lemma coplanar_if_diagonals_meet:
  assumes X: "a \<in> X" "b \<in> X" "c \<in> X" "d \<in> X" and "a \<noteq> b"
    and ab_cd: "line L a b \<inter> line L c d = {}"
    and p: "p \<in> line L a c" "p \<in> line L b d"
  shows "d \<in> flat_hull X L {a, b, c}"
proof -
  note distinct = points_distinct_if_lines_disjoint[OF X ab_cd]
  let ?P = "flat_hull X L {a, b, c}"
  have flat_P: "flat X L ?P"
    using X by (simp add: flat_flat_hull)
  have abc_P: "a \<in> ?P" "b \<in> ?P" "c \<in> ?P"
    using subset_flat_hull[of "{a, b, c}" X L] by auto
  have "p \<noteq> b"
  proof
    assume "p = b"
    with p(1) have "b \<in> line L a c"
      by simp
    then have "line L a b = line L a c"
      by (rule line_eq_if_in_line[OF X(1,3) distinct(1) left_in_line[OF X(1,3)] _ \<open>a \<noteq> b\<close>])
    then show False
      using distinct(5) right_in_line[OF X(1,3)] by simp
  qed
  then have "line L b p = line L b d"
    using line_eq_if_in_line[OF X(2,4) distinct(4) left_in_line[OF X(2,4)] p(2)] by simp
  moreover have "line L b p \<subseteq> ?P"
    using p(1) line_subset_flat[OF flat_P abc_P(1,3)] line_subset_flat[OF flat_P abc_P(2)] by blast
  ultimately show ?thesis
    using right_in_line[OF X(2,4)] by blast
qed

end

locale ranked3_liner = liner_space +
  assumes ranked3: "ranked3 X L"
begin

lemma flat_hull_noncollinear_eq_plane:
  assumes "plane X L P" "x \<in> P" "y \<in> P" "z \<in> P" "x \<noteq> y" "z \<notin> line L x y"
  shows "flat_hull X L {x, y, z} = P"
proof -
  have "P \<subseteq> X" and flat_P: "flat X L P"
    using assms(1) unfolding plane_def flat_def by auto
  then have "x \<in> X" "y \<in> X" "z \<in> X"
    using assms(2-4) by blast+
  then show ?thesis
    using ranked3 assms(1,5,6) flat_hull_minimal[OF flat_P, of "{x, y, z}"] assms(2-4)
    unfolding ranked3_def plane_def
    by (simp add: flat_flat_hull rank_flat_hull_noncollinear)
qed

lemma subparallel_if_disjoint_in_plane:
  assumes "plane X L P" "u \<in> P" "v \<in> P" "x \<in> P" "y \<in> P" "x \<noteq> y"
    and "line L u v \<inter> line L x y = {}"
  shows "subparallel X L (line L u v) (line L x y)"
  unfolding subparallel_def
proof
  fix z assume z: "z \<in> line L u v"
  have flat_P: "flat X L P"
    using assms(1) unfolding plane_def by simp
  then have "x \<in> X" "y \<in> X"
    using assms(4,5) unfolding flat_def by blast+
  have uv_P: "line L u v \<subseteq> P"
    using flat_P assms(2,3) by (rule line_subset_flat)
  have "z \<notin> line L x y"
    using z assms(7) by blast
  then have "P = flat_hull X L {x, y, z}"
    using flat_hull_noncollinear_eq_plane[OF assms(1,4,5)] z uv_P assms(6) by blast
  also have "\<dots> \<subseteq> flat_hull X L (insert z (line L x y))"
    using left_in_line[OF \<open>x \<in> X\<close> \<open>y \<in> X\<close>] right_in_line[OF \<open>x \<in> X\<close> \<open>y \<in> X\<close>]
    by (intro flat_hull_mono) blast
  finally show "line L u v \<subseteq> flat_hull X L (insert z (line L x y))"
    using uv_P by blast
qed

lemma parallel_if_disjoint_in_plane:
  assumes "plane X L P" "u \<in> P" "v \<in> P" "x \<in> P" "y \<in> P" "u \<noteq> v" "x \<noteq> y"
    and "line L u v \<inter> line L x y = {}"
  shows "parallel X L (line L u v) (line L x y)"
  unfolding parallel_def using assms subparallel_if_disjoint_in_plane[of P] by (simp add: Int_commute)

lemma parallelogram_iff_disjoint_sides_coplanar:
  "parallelogram X L a b c d \<longleftrightarrow> a \<in> X \<and> b \<in> X \<and> c \<in> X \<and> d \<in> X \<and>
     line L a b \<inter> line L c d = {} \<and> line L b c \<inter> line L a d = {} \<and>
     d \<in> flat_hull X L {a, b, c}"
proof
  assume "parallelogram X L a b c d"
  then show "a \<in> X \<and> b \<in> X \<and> c \<in> X \<and> d \<in> X \<and>
     line L a b \<inter> line L c d = {} \<and> line L b c \<inter> line L a d = {} \<and>
     d \<in> flat_hull X L {a, b, c}"
    using parallelogram_imp_disjoint_sides_coplanar unfolding parallelogram_def by simp
next
  assume "a \<in> X \<and> b \<in> X \<and> c \<in> X \<and> d \<in> X \<and>
     line L a b \<inter> line L c d = {} \<and> line L b c \<inter> line L a d = {} \<and>
     d \<in> flat_hull X L {a, b, c}"
  then have X: "a \<in> X" "b \<in> X" "c \<in> X" "d \<in> X"
    and ab_cd: "line L a b \<inter> line L c d = {}" and bc_ad: "line L b c \<inter> line L a d = {}"
    and d_P: "d \<in> flat_hull X L {a, b, c}"
    by simp_all
  note distinct = points_distinct_if_lines_disjoint[OF X ab_cd]
    points_distinct_if_lines_disjoint[OF X(2,3,1,4) bc_ad]
  have plane: "plane X L (flat_hull X L {a, b, c})"
    by (rule plane_if_opposite_sides_disjoint[OF X ab_cd bc_ad])
  have abc_P: "a \<in> flat_hull X L {a, b, c}" "b \<in> flat_hull X L {a, b, c}"
    "c \<in> flat_hull X L {a, b, c}"
    using subset_flat_hull[of "{a, b, c}" X L] by auto
  have "parallel X L (line L a b) (line L c d)"
    using parallel_if_disjoint_in_plane[OF plane abc_P(1,2) abc_P(3) d_P _ _ ab_cd] distinct by simp
  moreover have "parallel X L (line L b c) (line L a d)"
    using parallel_if_disjoint_in_plane[OF plane abc_P(2,3) abc_P(1) d_P _ _ bc_ad] distinct by simp
  moreover have "line L c d \<noteq> line L a b"
    using distinct(5) left_in_line[OF X(3,4)] by blast
  moreover have "line L a d \<noteq> line L b c"
    using distinct(10) left_in_line[OF X(1,4)] by blast
  ultimately show "parallelogram X L a b c d"
    unfolding parallelogram_def using X by simp
qed
lemma is_leaf_minv_rank_one_updates:
  fixes P Y :: "'a mat"
  assumes P: "P \<in> carrier_mat (Suc m) (Suc m)" "invertible_mat P" and Y: "Y \<in> carrier_mat (Suc m) 1"
    and yn: "Y $$ (m, 0) \<noteq> 0"
  defines "E \<equiv> mat (Suc m) (Suc m) (\<lambda>(i, j). if i = j \<and> i < m then 1 else 0)"
    and "z \<equiv> mat m 1 (\<lambda>(i, j). - Y $$ (i, 0) / Y $$ (m, 0))"
  shows "is_leaf q (Suc m)
    (mstar q (minv P) * four_block_mat (1\<^sub>m m) z (mstar q z) (mstar q z * z) * minv P)
    (mstar q (minv P) * mat (Suc m) 1 (\<lambda>(i, j). if i = m then 1 else 0))
    {minv (P * E * mstar q P + lam \<cdot>\<^sub>m (P * Y * mstar q (P * Y))) | lam. lam \<in> Fq q \<and> lam \<noteq> 0}"
proof -
  define Q where "Q = minv P"
  define N where "N = four_block_mat (1\<^sub>m m) z (mstar q z) (mstar q z * z)"
  define e where "e = mat (Suc m) 1 (\<lambda>(i, j). if i = m then 1 else (0 :: 'a))"
  define a where "a = Y $$ (m, 0) * hconj q (Y $$ (m, 0))"
  have z: "z \<in> carrier_mat m 1" by (simp add: z_def)
  have Q: "Q \<in> carrier_mat (Suc m) (Suc m)" "invertible_mat Q"
    using minv_inverts_mat[OF P] P(1) by (auto simp: Q_def intro: invertible_matI)
  have a: "a \<in> Fq q" "a \<noteq> 0"
    using mult_hconj_self_in_Fq yn by (auto simp: a_def)
  have member: "minv (P * E * mstar q P + lam \<cdot>\<^sub>m (P * Y * mstar q (P * Y)))
      = mstar q Q * (N + inverse (lam * a) \<cdot>\<^sub>m (e * mstar q e)) * Q" if "lam \<noteq> 0" for lam
    using minv_rank_one_update[OF P Y yn that] bordered_identity_add_corner[OF z]
    by (simp add: E_def z_def Q_def N_def e_def a_def mult.assoc)
  have "{minv (P * E * mstar q P + lam \<cdot>\<^sub>m (P * Y * mstar q (P * Y))) | lam. lam \<in> Fq q \<and> lam \<noteq> 0}
      = {mstar q Q * (N + inverse (lam * a) \<cdot>\<^sub>m (e * mstar q e)) * Q | lam. lam \<in> Fq q \<and> lam \<noteq> 0}"
    using member by (simp add: setcompr_eq_image)
  also have "\<dots> = {mstar q Q * (N + mu \<cdot>\<^sub>m (e * mstar q e)) * Q | mu. mu \<in> Fq q \<and> mu \<noteq> 0}"
    by (rule image_inverse_scaled_Fq[OF a])
  also have "\<dots> = (\<lambda>X. mstar q Q * X * Q) ` leaf q N e"
    unfolding leaf_def by (simp add: setcompr_eq_image image_image)
  finally have leaf_eq: "{minv (P * E * mstar q P + lam \<cdot>\<^sub>m (P * Y * mstar q (P * Y))) | lam. lam \<in> Fq q \<and> lam \<noteq> 0}
      = (\<lambda>X. mstar q Q * X * Q) ` leaf q N e" .
  have "is_leaf q (Suc m) (mstar q Q * N * Q) (mstar q Q * e)
      {minv (P * E * mstar q P + lam \<cdot>\<^sub>m (P * Y * mstar q (P * Y))) | lam. lam \<in> Fq q \<and> lam \<noteq> 0}"
    unfolding leaf_eq by (rule is_leaf_congruence[OF Q is_leaf_bordered_identity[OF z, folded N_def e_def]])
  then show ?thesis by (simp only: Q_def N_def e_def)
qed
lemma norm_integral_resolvent_slab_le:
  fixes h g :: "'a::euclidean_space \<Rightarrow> complex"
  assumes h: "Ck 1 h" and vh: "\<And>w. B \<le> norm w \<Longrightarrow> h w = 0" and vDh: "\<And>w. B \<le> norm w \<Longrightarrow> dir_deriv h u w = 0"
    and g: "Ck 1 g" and vg: "\<And>w. B \<le> norm w \<Longrightarrow> g w = 0" and vDg: "\<And>w. B \<le> norm w \<Longrightarrow> dir_deriv g u w = 0"
    and u: "norm u = 1" and "0 < \<delta>" "0 < \<rho>"
  defines "Eh \<equiv> \<lambda>w. cmod (h w) * cmod (dir_deriv h u w)" and "Eg \<equiv> \<lambda>w. cmod (g w) * cmod (dir_deriv g u w)"
  shows "cmod (\<integral>w. cnj (h w) * g w / (complex_of_real \<delta> + \<i> * complex_of_real (u \<bullet> w)) \<partial>lborel)
    \<le> 8 * sqrt (\<integral>w. Eh w \<partial>lborel) * sqrt (\<integral>w. Eg w \<partial>lborel)
      + 2 * sqrt 2 / \<rho> * sqrt (\<integral>w. Eh w \<partial>lborel) * L2norm g
      + 3 * sqrt 2 * \<rho> * (sqrt (\<integral>w. Eh w \<partial>lborel) * L2norm (dir_deriv g u)
                          + sqrt (\<integral>w. Eg w \<partial>lborel) * L2norm (dir_deriv h u))"
proof -
  define f where "f w = cnj (h w) * g w / (complex_of_real \<delta> + \<i> * complex_of_real (u \<bullet> w))" for w
  define r where "r x v = slab_line_root u x v" for x v
  define gg Dg Dh where "gg w = (cmod (g w))\<^sup>2" and "Dg w = (cmod (dir_deriv g u w))\<^sup>2"
    and "Dh w = (cmod (dir_deriv h u w))\<^sup>2" for w
  have ch: "continuous_on UNIV h" "continuous_on UNIV (dir_deriv h u)"
    and cg: "continuous_on UNIV g" "continuous_on UNIV (dir_deriv g u)"
    using Ck_1D(2) continuous_on_dir_deriv h g by auto
  have energy: "continuous_on UNIV x" "\<And>w. B \<le> norm w \<Longrightarrow> x w = 0" "\<And>w. 0 \<le> x w"
    if "x \<in> {Eh, Eg, gg, Dg, Dh}" for x
    using that by (auto simp: Eh_def Eg_def gg_def Dg_def Dh_def vh vg vDh vDg intro!: continuous_intros ch cg)
  have root_mult: "integrable lborel (\<lambda>v. r x v * r y v)"
    "(\<integral>v. r x v * r y v \<partial>lborel) \<le> sqrt (\<integral>w. x w \<partial>lborel) * sqrt (\<integral>w. y w \<partial>lborel)"
    if "x \<in> {Eh, Eg, gg, Dg, Dh}" "y \<in> {Eh, Eg, gg, Dg, Dh}" for x y
    unfolding r_def using integral_slab_line_root_mult_le[OF energy[OF that(1)] energy[OF that(2)] u] by auto
  have "integrable lborel f"
    unfolding f_def using \<open>0 < \<delta>\<close>
    by (intro integrable_lborel_vanishing_outside_ball[of _ B] continuous_intros ch cg)
       (auto simp: vh complex_eq_iff)
  note slab = norm_integral_le_slab_integral_norm[OF u this]
  have f_line: "f (perp_proj u v + s *\<^sub>R u) = cnj (h (perp_proj u v + s *\<^sub>R u)) * g (perp_proj u v + s *\<^sub>R u)
      / (complex_of_real \<delta> + \<i> * complex_of_real s)" for v s
    by (simp add: f_def inner_perp_proj_add_scaleR[OF u])
  have "cmod (\<integral>w. f w \<partial>lborel)
      \<le> (\<integral>v. indicator {0..1} (u \<bullet> v) * cmod (\<integral>s. f (perp_proj u v + s *\<^sub>R u) \<partial>lborel) \<partial>lborel)"
    by (rule slab(2))
  also have "\<dots> \<le> (\<integral>v. 8 * (r Eh v * r Eg v) + 2 * sqrt 2 / \<rho> * (r Eh v * r gg v)
      + 3 * sqrt 2 * \<rho> * (r Eh v * r Dg v + r Eg v * r Dh v) \<partial>lborel)"
  proof (rule integral_mono)
    show "integrable lborel (\<lambda>v. indicator {0..1} (u \<bullet> v) * cmod (\<integral>s. f (perp_proj u v + s *\<^sub>R u) \<partial>lborel))"
      by (rule slab(1))
    show "integrable lborel (\<lambda>v. 8 * (r Eh v * r Eg v) + 2 * sqrt 2 / \<rho> * (r Eh v * r gg v)
      + 3 * sqrt 2 * \<rho> * (r Eh v * r Dg v + r Eg v * r Dh v))"
      using root_mult(1)[of Eh Eg] root_mult(1)[of Eh gg] root_mult(1)[of Eh Dg] root_mult(1)[of Eg Dh] by simp
    show "indicator {0..1} (u \<bullet> v) * cmod (\<integral>s. f (perp_proj u v + s *\<^sub>R u) \<partial>lborel)
      \<le> 8 * (r Eh v * r Eg v) + 2 * sqrt 2 / \<rho> * (r Eh v * r gg v)
      + 3 * sqrt 2 * \<rho> * (r Eh v * r Dg v + r Eg v * r Dh v)" for v
      using slab_line_resolvent_le[OF h vh vDh g vg vDg u \<open>0 < \<delta>\<close> \<open>0 < \<rho>\<close>, where v=v]
      unfolding f_line
      by (simp add: r_def Eh_def Eg_def gg_def[abs_def] Dg_def[abs_def] Dh_def[abs_def] algebra_simps)
  qed
  also have "\<dots> = 8 * (\<integral>v. r Eh v * r Eg v \<partial>lborel) + 2 * sqrt 2 / \<rho> * (\<integral>v. r Eh v * r gg v \<partial>lborel)
      + 3 * sqrt 2 * \<rho> * ((\<integral>v. r Eh v * r Dg v \<partial>lborel) + (\<integral>v. r Eg v * r Dh v \<partial>lborel))"
    using root_mult(1)[of Eh Eg] root_mult(1)[of Eh gg] root_mult(1)[of Eh Dg] root_mult(1)[of Eg Dh] by simp
  also have "\<dots> \<le> 8 * (sqrt (\<integral>w. Eh w \<partial>lborel) * sqrt (\<integral>w. Eg w \<partial>lborel))
      + 2 * sqrt 2 / \<rho> * (sqrt (\<integral>w. Eh w \<partial>lborel) * sqrt (\<integral>w. gg w \<partial>lborel))
      + 3 * sqrt 2 * \<rho> * (sqrt (\<integral>w. Eh w \<partial>lborel) * sqrt (\<integral>w. Dg w \<partial>lborel)
                          + sqrt (\<integral>w. Eg w \<partial>lborel) * sqrt (\<integral>w. Dh w \<partial>lborel))"
    using root_mult(2)[of Eh Eg] root_mult(2)[of Eh gg] root_mult(2)[of Eh Dg] root_mult(2)[of Eg Dh] \<open>0 < \<rho>\<close>
    by (intro add_mono mult_left_mono) auto
  finally show ?thesis
    by (simp add: f_def L2norm_def gg_def Dg_def Dh_def algebra_simps)
qed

----

#### EXERCISE GOAL
Wherever the string "thesis" is found in the listing above, copy the line that contains it.

#### ANSWER TO THIS EXERCISE
  ultimately show ?thesis
  then show ?thesis
  then show ?thesis by (simp only: Q_def N_def e_def)
  finally show ?thesis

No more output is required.